For one second, her hand brushed against the swelling in his white britches, but then she knew she had to turn away and take a deep breath to control herself, because she could feel the breeze-cooled moisture in the silk between her warm thighs, and this time she knew how important it was to resist. There were too many other considerations. Too much business. Too many complications. To become Mark's mistress tonight would be to jeopardise everything that her father's death had given her.

Mark said, "What's wrong?"

"Nothing," she told him. "Everything's exactly right."

He leaned his elbows on the rail. "You said you were a little bit frightened of me. I hope you're not a little bit frightened of yourself as well."

"Isn't everybody?"

"I don't know. Maybe so. The only thing that frightens me is the prospect of growing old."
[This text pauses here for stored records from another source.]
(* Let $X$ be a finished continuum which is irreducible about $n$ points but about no fewer than $n$ points, and let $\mathcal D(X)$ be its Vought decomposition. Then every $T$-closed set $A \subset X$ is a union of elements of $\mathcal D(X)$; that is, $A = \bigcup_{x \in A} D(x)$, where $D(x)$ denotes the element of $\mathcal D(X)$ containing $x$.
   Context: A continuum is a non-empty compact connected metric space. A continuum $X$ is irreducible about a set $A\subset X$ if no proper subcontinuum of $X$ contains $A$; $X$ is finitely irreducible if it is irreducible about some finite subset, and irreducible if it is irreducible about some two-point subset. A continuum is decomposable if it is the union of two proper subcontinua, and indecomposable otherwise. A finished continuum is a finitely irreducible continuum none of whose indecomposable subcontinua has non-empty interior relative to it. For a continuum $X$ and a non-empty set $A\subset X$, $T(A)$ is the set of $x\in X$ such that every subcontinuum of $X\setminus A$ containing $x$ has empty interior relative to $X$; $A$ is $T$-closed if $T(A)=A$. Note $A\subset T(A)$ and $A\subset B$ implies $T(A)\subset T(B)$. If $X$ is a finished continuum irreducible about $n$ points but no fewer, its Vought decomposition is $\mathcal D(X)=\{T^n(\{x\}) : x\in X\}$, where $T^n$ is the $n$-fold composition of $T$. (By a theorem of Vought, $\mathcal D(X)$ is an upper semicontinuous partition of $X$ into continua with empty interior in $X$, and the quotient $X/\mathcal D(X)$ is a finite tree with $n$ endpoints.) *)

theory Defs
  imports "HOL-Analysis.Analysis"
begin

definition continuum :: "'a::metric_space set \<Rightarrow> bool" where
  "continuum K \<longleftrightarrow> K \<noteq> {} \<and> compact K \<and> connected K"

definition irreducible_about :: "'a::metric_space set \<Rightarrow> 'a set \<Rightarrow> bool" where
  "irreducible_about X A \<longleftrightarrow> A \<subseteq> X \<and>
     (\<forall>K. continuum K \<and> K \<subseteq> X \<and> A \<subseteq> K \<longrightarrow> K = X)"

definition finitely_irreducible :: "'a::metric_space set \<Rightarrow> bool" where
  "finitely_irreducible X \<longleftrightarrow> (\<exists>A. finite A \<and> irreducible_about X A)"

definition decomposable :: "'a::metric_space set \<Rightarrow> bool" where
  "decomposable K \<longleftrightarrow> (\<exists>A B. continuum A \<and> continuum B \<and> A \<subset> K \<and> B \<subset> K \<and> A \<union> B = K)"

definition indecomposable :: "'a::metric_space set \<Rightarrow> bool" where
  "indecomposable K \<longleftrightarrow> continuum K \<and> \<not> decomposable K"

definition rel_int :: "'a::metric_space set \<Rightarrow> 'a set \<Rightarrow> 'a set" where
  "rel_int X K = (top_of_set X) interior_of K"

definition finished :: "'a::metric_space set \<Rightarrow> bool" where
  "finished X \<longleftrightarrow> continuum X \<and> finitely_irreducible X \<and>
     (\<forall>K. K \<subseteq> X \<and> indecomposable K \<longrightarrow> rel_int X K = {})"

definition irreducible_number :: "'a::metric_space set \<Rightarrow> nat \<Rightarrow> bool" where
  "irreducible_number X n \<longleftrightarrow>
     (\<exists>A. finite A \<and> card A = n \<and> irreducible_about X A) \<and>
     (\<forall>B. finite B \<and> card B < n \<longrightarrow> \<not> irreducible_about X B)"

definition T_op :: "'a::metric_space set \<Rightarrow> 'a set \<Rightarrow> 'a set" where
  "T_op X A = {x \<in> X. \<forall>K. continuum K \<and> K \<subseteq> X - A \<and> x \<in> K \<longrightarrow> rel_int X K = {}}"

definition T_closed :: "'a::metric_space set \<Rightarrow> 'a set \<Rightarrow> bool" where
  "T_closed X A \<longleftrightarrow> T_op X A = A"

definition vought_elem :: "'a::metric_space set \<Rightarrow> nat \<Rightarrow> 'a \<Rightarrow> 'a set" where
  "vought_elem X n x = (T_op X ^^ n) {x}"

definition vought_decomposition :: "'a::metric_space set \<Rightarrow> nat \<Rightarrow> 'a set set" where
  "vought_decomposition X n = vought_elem X n ` X"

end

theory Submission
  imports Defs
begin

(* The argument uses only two order-theoretic properties of the operator T:
   it is monotone, and it is inflationary on subsets of X (A \<subseteq> T(A)).
   Both properties pass to the iterate T^n.  Hence for x \<in> A we get
     x \<in> T^n({x})            (T^n is inflationary), and
     T^n({x}) \<subseteq> T^n(A) = A  (T^n is monotone and A is a fixed point of T).
   The first inclusion gives A \<subseteq> \<Union>_{x\<in>A} D(x), the second the converse.
   The hypotheses that X is finished and irreducible about exactly n points
   are what make D(X) a decomposition (Vought's theorem); the saturation
   property itself holds for every n. *)

lemma mono_T_op: "mono (T_op X)"
  unfolding mono_def T_op_def by blast

lemma T_op_inflationary: "B \<subseteq> X \<Longrightarrow> B \<subseteq> T_op X B"
  unfolding T_op_def by blast

lemma T_op_subset: "T_op X B \<subseteq> X"
  unfolding T_op_def by blast

lemma T_op_iterate_inflationary:
  assumes "B \<subseteq> X"
  shows "B \<subseteq> (T_op X ^^ k) B"
proof (induction k)
  case (Suc k)
  have "(T_op X ^^ k) B \<subseteq> X"
    using assms by (cases k) (auto simp: T_op_subset)
  then have "(T_op X ^^ k) B \<subseteq> (T_op X ^^ Suc k) B"
    by (simp add: T_op_inflationary)
  with Suc.IH show ?case by blast
qed simp

lemma funpow_fixed_point: "f a = a \<Longrightarrow> (f ^^ k) a = a"
  by (induction k) auto

lemma mem_vought_elem: "x \<in> X \<Longrightarrow> x \<in> vought_elem X n x"
  unfolding vought_elem_def using T_op_iterate_inflationary[of "{x}" X n] by blast

lemma vought_elem_subset_T_closed:
  assumes "T_closed X A" and "x \<in> A"
  shows "vought_elem X n x \<subseteq> A"
proof -
  have "(T_op X ^^ n) {x} \<subseteq> (T_op X ^^ n) A"
    using assms(2) by (intro funpow_mono[OF mono_T_op]) simp
  also have "\<dots> = A"
    using assms(1) unfolding T_closed_def by (rule funpow_fixed_point)
  finally show ?thesis unfolding vought_elem_def .
qed

theorem mainTheorem1:
  fixes X A :: "'a::metric_space set" and n :: nat
  assumes "finished X"
    and "irreducible_number X n"
    and "A \<subseteq> X" and "A \<noteq> {}"
    and "T_closed X A"
  shows "A = (\<Union>x\<in>A. vought_elem X n x)"
proof
  show "A \<subseteq> (\<Union>x\<in>A. vought_elem X n x)"
    using assms(3) mem_vought_elem by blast
  show "(\<Union>x\<in>A. vought_elem X n x) \<subseteq> A"
    using vought_elem_subset_T_closed[OF assms(5)] by blast
qed

end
Catriona picked up her glass of champagne. It was very dry, and very cold. The best champagne, one of Nigel's lounge-lizard friends had told her, should taste like the dust from an Egyptian's mummy's bandages.

"Growing old doesn't matter so much when you're rich," she said.

"On the contrary," said Mark. "I think it's far better to grow old when you're poor. Can you imagine the frustration of having millions and millions of dollars, and knowing that all of those millions can do nothing at all to hold back time and make you young again."

"You're being very morbid."

"Not really. I guess I'm just upset."

"Because of me?" asked Catriona.

"A little. I love you, but you seem to be keeping yourself aloof."

Catriona smiled at him. "I love you, too. I think you're the berries, if you must know. But there's all this business going on. You're trying to buy the Arcadia, and George Welterman's trying to buy us up completely, and I just need a little time to think."